**Recorded information:**
=== Section Start ===

lemma open_fmap_image:
  assumes "\<beta> \<noteq> 0" and "open S"
  shows "open (fmap \<beta> i ` S)"
proof -
  have "fmap \<beta> i ` S = (\<lambda>z. (1/\<beta>) *\<^sub>R qv i + (1/\<beta>) *\<^sub>R z) ` S"
    by (simp add: fmap_def scaleR_add_right add.commute)
  then show ?thesis
    using assms by (simp add: open_affinity)
qed

lemma open_funpow_fmap_image:
  assumes "\<beta> \<noteq> 0" and "open S"
  shows "open ((fmap \<beta> i ^^ n) ` S)"
proof (induction n)
  case (Suc n)
  show ?case
    unfolding funpow.simps(2) image_comp[symmetric] by (rule open_fmap_image[OF assms(1) Suc])
qed (simp add: assms(2))

lemma open_Hset: "open (Hset \<beta>)"
  unfolding Hset_def case_prod_unfold
  by (simp add: open_Collect_conj open_Collect_less continuous_intros)

lemma closed_Cpart:
  assumes "\<beta> \<noteq> 0" and "closed T"
  shows "closed (Cpart \<beta> i j T)"
  unfolding Cpart_def image_comp[symmetric]
  using assms by (intro closed_Diff open_UN ballI open_Un open_fmap_image open_funpow_fmap_image open_Hset)

lemma closed_Ct: "closed (Ct01 \<beta>)" "closed (Ct12 \<beta>)" "closed (Ct02 \<beta>)"
  unfolding Ct01_def Ct12_def Ct02_def case_prod_unfold
  by (simp_all add: closed_Collect_conj closed_Collect_le continuous_intros)

lemma closed_Cset: "\<beta> \<noteq> 0 \<Longrightarrow> closed (Cset \<beta>)"
  unfolding Cset_def by (intro closed_Un closed_Cpart closed_Ct)
definition lower_bounds :: "'a set \<Rightarrow> ('a \<Rightarrow> 'a \<Rightarrow> bool) \<Rightarrow> 'a set \<Rightarrow> 'a set" where
  "lower_bounds P le S = {x \<in> P. \<forall>s\<in>S. le x s}"

definition perp :: "'a set \<Rightarrow> ('a \<Rightarrow> 'a \<Rightarrow> bool) \<Rightarrow> 'a \<Rightarrow> 'a \<Rightarrow> 'a set" where
  "perp P le z a = {b \<in> P. lower_bounds P le {a, b} = {z}}"

definition is_pseudocomplement :: "'a set \<Rightarrow> ('a \<Rightarrow> 'a \<Rightarrow> bool) \<Rightarrow> 'a \<Rightarrow> 'a \<Rightarrow> 'a \<Rightarrow> bool" where
  "is_pseudocomplement P le z a c \<longleftrightarrow>
     c \<in> P \<and> lower_bounds P le {a, c} = {z} \<and>
     (\<forall>x\<in>P. lower_bounds P le {a, x} = {z} \<longrightarrow> le x c)"

definition pseudocomplemented :: "'a set \<Rightarrow> ('a \<Rightarrow> 'a \<Rightarrow> bool) \<Rightarrow> 'a \<Rightarrow> bool" where
  "pseudocomplemented P le z \<longleftrightarrow> (\<forall>a\<in>P. \<exists>c. is_pseudocomplement P le z a c)"

definition pcompl :: "'a set \<Rightarrow> ('a \<Rightarrow> 'a \<Rightarrow> bool) \<Rightarrow> 'a \<Rightarrow> 'a \<Rightarrow> 'a" where
  "pcompl P le z a = (THE c. is_pseudocomplement P le z a c)"

definition perp_class :: "'a set \<Rightarrow> ('a \<Rightarrow> 'a \<Rightarrow> bool) \<Rightarrow> 'a \<Rightarrow> 'a \<Rightarrow> 'a set" where
  "perp_class P le z x = {y \<in> P. perp P le z y = perp P le z x}"

definition perp_classes :: "'a set \<Rightarrow> ('a \<Rightarrow> 'a \<Rightarrow> bool) \<Rightarrow> 'a \<Rightarrow> 'a set set" where
  "perp_classes P le z = perp_class P le z ` P"

definition class_le :: "'a set \<Rightarrow> ('a \<Rightarrow> 'a \<Rightarrow> bool) \<Rightarrow> 'a \<Rightarrow> 'a set \<Rightarrow> 'a set \<Rightarrow> bool" where
  "class_le P le z X Y \<longleftrightarrow> (\<forall>a\<in>X. \<forall>b\<in>Y. perp P le z b \<subseteq> perp P le z a)"

definition order_isomorphic :: "'a set \<Rightarrow> ('a \<Rightarrow> 'a \<Rightarrow> bool) \<Rightarrow> 'b set \<Rightarrow> ('b \<Rightarrow> 'b \<Rightarrow> bool) \<Rightarrow> bool" where
  "order_isomorphic A leA B leB \<longleftrightarrow>
     (\<exists>f. bij_betw f A B \<and> (\<forall>x\<in>A. \<forall>y\<in>A. leA x y \<longleftrightarrow> leB (f x) (f y)))"

text \<open>L = 2^n is modelled as the powerset of {0..<n} ordered by inclusion
  (atoms q_i = {i}). A blow-up is determined by chain lengths k A >= 1 for
  A \<noteq> {}, {0..<n}; the element a^i of chain C_a is the pair (a, i), 1 <= i <= k a;
  0 and 1 are the single elements ({},1) and ({0..<n},1).\<close>

definition boolean_carrier :: "nat \<Rightarrow> nat set set" where
  "boolean_carrier n = Pow {..<n}"

definition chain_len :: "nat \<Rightarrow> (nat set \<Rightarrow> nat) \<Rightarrow> nat set \<Rightarrow> nat" where
  "chain_len n k A = (if A = {} \<or> A = {..<n} then 1 else k A)"

definition blowup_carrier :: "nat \<Rightarrow> (nat set \<Rightarrow> nat) \<Rightarrow> (nat set \<times> nat) set" where
  "blowup_carrier n k = {(A, i). A \<subseteq> {..<n} \<and> 1 \<le> i \<and> i \<le> chain_len n k A}"

definition blowup_le :: "nat set \<times> nat \<Rightarrow> nat set \<times> nat \<Rightarrow> bool" where
  "blowup_le u v \<longleftrightarrow> (fst u = fst v \<and> snd u \<le> snd v) \<or> fst u \<subset> fst v"

definition blowup_bot :: "nat set \<times> nat" where
  "blowup_bot = ({}, 1)"

definition blowup_top :: "nat \<Rightarrow> nat set \<times> nat" where
  "blowup_top n = ({..<n}, 1)"

definition blowup_dual_le :: "nat set \<times> nat \<Rightarrow> nat set \<times> nat \<Rightarrow> bool" where
  "blowup_dual_le u v \<longleftrightarrow> blowup_le v u"

end

theory Submission
  imports Defs
begin

text \<open>A blow-up only refines each Boolean element into a chain, and this does not affect
  disjointness: \<open>(A, i)\<close> and \<open>(B, j)\<close> have a nonzero common lower bound iff
  \<open>A \<inter> B \<noteq> {}\<close>, a witness being \<open>(A \<inter> B, 1)\<close>; dually they have a common upper
  bound below the top iff \<open>A \<union> B\<close> is not everything. Hence \<open>a\<^sup>\<perp>\<close> depends only on
  the underlying set of \<open>a\<close>, and inclusion of these sets (of their complements in the dual)
  orders the classes like \<open>2\<^sup>n\<close>. The pseudocomplement of \<open>(A, i)\<close> is the top of the chain
  over the complement of \<open>A\<close>, the dual one is its bottom. Finally, in any pseudocomplemented
  poset with least element, \<open>a\<^sup>\<perp>\<close> is the principal ideal generated by \<open>a\<^sup>*\<close>, so
  \<open>a\<^sup>\<perp> = b\<^sup>\<perp>\<close> iff \<open>a\<^sup>* = b\<^sup>*\<close>.\<close>

lemma order_isomorphic_perp_classes:
  assumes onto: "h ` P = Q"
    and perp_subset_iff: "\<And>a b. a \<in> P \<Longrightarrow> b \<in> P \<Longrightarrow> perp P le z b \<subseteq> perp P le z a \<longleftrightarrow> h a \<subseteq> h b"
  shows "order_isomorphic (perp_classes P le z) (class_le P le z) Q (\<subseteq>)"
proof -
  have class_eq: "perp_class P le z x = {y \<in> P. h y = h x}" if "x \<in> P" for x
    using perp_subset_iff[OF _ that] perp_subset_iff[OF that]
    unfolding perp_class_def by (blast intro: subset_antisym)
  define f where "f X = the_elem (h ` X)" for X
  have f_class: "f (perp_class P le z x) = h x" if "x \<in> P" for x
  proof -
    have "h ` perp_class P le z x = {h x}" using class_eq[OF that] that by auto
    then show ?thesis by (simp add: f_def)
  qed
  have "bij_betw f (perp_classes P le z) Q"
    unfolding bij_betw_def inj_on_def perp_classes_def
    using f_class class_eq onto by (auto simp: image_iff)
  moreover have "class_le P le z (perp_class P le z x) (perp_class P le z y) \<longleftrightarrow> h x \<subseteq> h y"
    if "x \<in> P" "y \<in> P" for x y
    using that perp_subset_iff unfolding class_le_def class_eq[OF that(1)] class_eq[OF that(2)] by auto
  ultimately show ?thesis
    unfolding order_isomorphic_def perp_classes_def using f_class by (intro exI[of _ f]) auto
qed

locale poset_with_least =
  fixes P :: "'a set" and le :: "'a \<Rightarrow> 'a \<Rightarrow> bool" and z :: 'a
  assumes refl: "x \<in> P \<Longrightarrow> le x x"
    and trans: "le x y \<Longrightarrow> le y w \<Longrightarrow> le x w"
    and antisym: "le x y \<Longrightarrow> le y x \<Longrightarrow> x = y"
    and least_in: "z \<in> P"
    and least: "x \<in> P \<Longrightarrow> le z x"
begin

lemma is_pseudocomplement_iff_perp:
  assumes "a \<in> P"
  shows "is_pseudocomplement P le z a c \<longleftrightarrow> c \<in> P \<and> perp P le z a = {x \<in> P. le x c}"
proof
  assume c: "is_pseudocomplement P le z a c"
  have "lower_bounds P le {a, x} = {z}" if "x \<in> P" "le x c" for x
  proof -
    have "lower_bounds P le {a, x} \<subseteq> lower_bounds P le {a, c}"
      using \<open>le x c\<close> trans unfolding lower_bounds_def by blast
    moreover have "z \<in> lower_bounds P le {a, x}"
      using least_in least assms that(1) unfolding lower_bounds_def by blast
    ultimately show ?thesis using c unfolding is_pseudocomplement_def by blast
  qed
  with c show "c \<in> P \<and> perp P le z a = {x \<in> P. le x c}"
    unfolding is_pseudocomplement_def perp_def by blast
next
  assume "c \<in> P \<and> perp P le z a = {x \<in> P. le x c}"
  then show "is_pseudocomplement P le z a c"
    using refl unfolding is_pseudocomplement_def perp_def by blast
qed

lemma pcompl_eqI:
  assumes "is_pseudocomplement P le z a c"
  shows "pcompl P le z a = c"
  unfolding pcompl_def
proof (rule the_equality)
  fix c' assume "is_pseudocomplement P le z a c'"
  with assms show "c' = c" unfolding is_pseudocomplement_def by (blast intro: antisym)
qed (fact assms)

lemma perp_eq_iff_pcompl_eq:
  assumes "pseudocomplemented P le z" and "a \<in> P" and "b \<in> P"
  shows "perp P le z a = perp P le z b \<longleftrightarrow> pcompl P le z a = pcompl P le z b"
proof -
  obtain c d where c: "is_pseudocomplement P le z a c" and d: "is_pseudocomplement P le z b d"
    using assms unfolding pseudocomplemented_def by blast
  then have "c \<in> P" "d \<in> P" and "perp P le z a = {x \<in> P. le x c}" "perp P le z b = {x \<in> P. le x d}"
    using is_pseudocomplement_iff_perp assms(2,3) by auto
  then have "perp P le z a = perp P le z b \<longleftrightarrow> c = d"
    using refl antisym by blast
  then show ?thesis using pcompl_eqI c d by simp
qed

end

lemma blowup_carrier_iff:
  "x \<in> blowup_carrier n k \<longleftrightarrow> fst x \<subseteq> {..<n} \<and> 1 \<le> snd x \<and> snd x \<le> chain_len n k (fst x)"
  by (cases x) (simp add: blowup_carrier_def)

lemma blowup_le_fst: "blowup_le u v \<Longrightarrow> fst u \<subseteq> fst v"
  by (auto simp: blowup_le_def)

lemma chain_bottom_le: "C \<subseteq> fst a \<Longrightarrow> 1 \<le> snd a \<Longrightarrow> blowup_le (C, 1) a"
  by (auto simp: blowup_le_def)

lemma le_chain_top:
  "a \<in> blowup_carrier n k \<Longrightarrow> fst a \<subseteq> C \<Longrightarrow> blowup_le a (C, chain_len n k C)"
  by (auto simp: blowup_le_def blowup_carrier_iff)

lemma blowup_eq_bot: "x \<in> blowup_carrier n k \<Longrightarrow> fst x = {} \<Longrightarrow> x = blowup_bot"
  by (cases x) (auto simp: blowup_carrier_def chain_len_def blowup_bot_def)

lemma blowup_eq_top: "x \<in> blowup_carrier n k \<Longrightarrow> fst x = {..<n} \<Longrightarrow> x = blowup_top n"
  by (cases x) (auto simp: blowup_carrier_def chain_len_def blowup_top_def)

context
  fixes n :: nat and k :: "nat set \<Rightarrow> nat"
  assumes k_pos: "\<And>A. A \<subseteq> {..<n} \<Longrightarrow> A \<noteq> {} \<Longrightarrow> A \<noteq> {..<n} \<Longrightarrow> 1 \<le> k A"
begin

lemma chain_len_pos: "A \<subseteq> {..<n} \<Longrightarrow> 1 \<le> chain_len n k A"
  using k_pos[of A] by (simp add: chain_len_def)

lemma chain_bottom_in_blowup: "A \<subseteq> {..<n} \<Longrightarrow> (A, 1) \<in> blowup_carrier n k"
  using chain_len_pos[of A] by (simp add: blowup_carrier_def)
lemma Vol_int_mult_binomial_weight_le:
  fixes p :: real
  assumes p0: "0 < p" and p_half: "p \<le> 1 / 2" and dn: "d \<le> n" and rn: "r \<le> n"
  shows "real (Vol_int n r d) * (p ^ r * (1 - p) ^ (n - r)) \<le> (4 * p * (1 - p)) powr (real d / 2)"
proof -
  have q0: "0 < 1 - p" using p_half by simp
  define x where "x = (1 - p) / p"
  have x1: "1 \<le> x" using p0 p_half by (simp add: x_def field_simps)
  define L where "L = 2 ^ d * x powr (real r - real d / 2) * (1 + 1 / x) ^ (n - d) * (p ^ r * (1 - p) ^ (n - r))"
  have "1 + 1 / x = 1 / (1 - p)" using p0 q0 by (simp add: x_def field_simps)
  hence "ln L = real d * ln 2 + (real r - real d / 2) * (ln (1 - p) - ln p) - real (n - d) * ln (1 - p)
               + real r * ln p + real (n - r) * ln (1 - p)"
    unfolding L_def x_def using p0 q0 by (simp add: ln_mult ln_realpow ln_powr ln_div ln_inverse)
  also have "\<dots> = real d / 2 * (ln 4 + ln p + ln (1 - p))"
    using dn rn ln_realpow[of 2 2] by (simp add: of_nat_diff algebra_simps)
  also have "\<dots> = ln ((4 * p * (1 - p)) powr (real d / 2))"
    using p0 q0 by (simp add: ln_powr ln_mult)
  finally have "ln L = ln ((4 * p * (1 - p)) powr (real d / 2))" .
  moreover have "0 < L" using x1 p0 q0 by (simp add: L_def add_pos_pos)
  moreover have "0 < (4 * p * (1 - p)) powr (real d / 2)" using p0 q0 by simp
  ultimately have "L = (4 * p * (1 - p)) powr (real d / 2)" by (metis ln_inj_iff)
  moreover have "real (Vol_int n r d) * (p ^ r * (1 - p) ^ (n - r)) \<le> L"
    unfolding L_def using Vol_int_le_weighted_sum[OF dn x1] p0 q0 by (simp add: mult_right_mono)
  ultimately show ?thesis by simp
qed

lemma pmf_binomial_Suc:
  fixes p :: real
  assumes "0 \<le> p" "p \<le> 1" "j < n"
  shows "pmf (binomial_pmf n p) (Suc j) * (real (Suc j) * (1 - p))
         = pmf (binomial_pmf n p) j * (real (n - j) * p)"
proof -
  have choose: "real (Suc j) * real (n choose Suc j) = real (n - j) * real (n choose j)"
    using binomial_absorption[of j n] binomial_absorb_comp[of n j] by (metis of_nat_mult)
  have "(1 - p) ^ (n - j) = (1 - p) * (1 - p) ^ (n - Suc j)"
    using \<open>j < n\<close> by (simp add: Suc_diff_Suc[symmetric] power_Suc[symmetric] del: power_Suc)
  with choose show ?thesis using assms by (simp add: ac_simps)
qed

=== Section End ===

Only the lines from the one containing "(binomial_pmf n p) j" through the last line of the material belong in your answer; output them exactly.

**Solution to this task:**
         = pmf (binomial_pmf n p) j * (real (n - j) * p)"
proof -
  have choose: "real (Suc j) * real (n choose Suc j) = real (n - j) * real (n choose j)"
    using binomial_absorption[of j n] binomial_absorb_comp[of n j] by (metis of_nat_mult)
  have "(1 - p) ^ (n - j) = (1 - p) * (1 - p) ^ (n - Suc j)"
    using \<open>j < n\<close> by (simp add: Suc_diff_Suc[symmetric] power_Suc[symmetric] del: power_Suc)
  with choose show ?thesis using assms by (simp add: ac_simps)
qed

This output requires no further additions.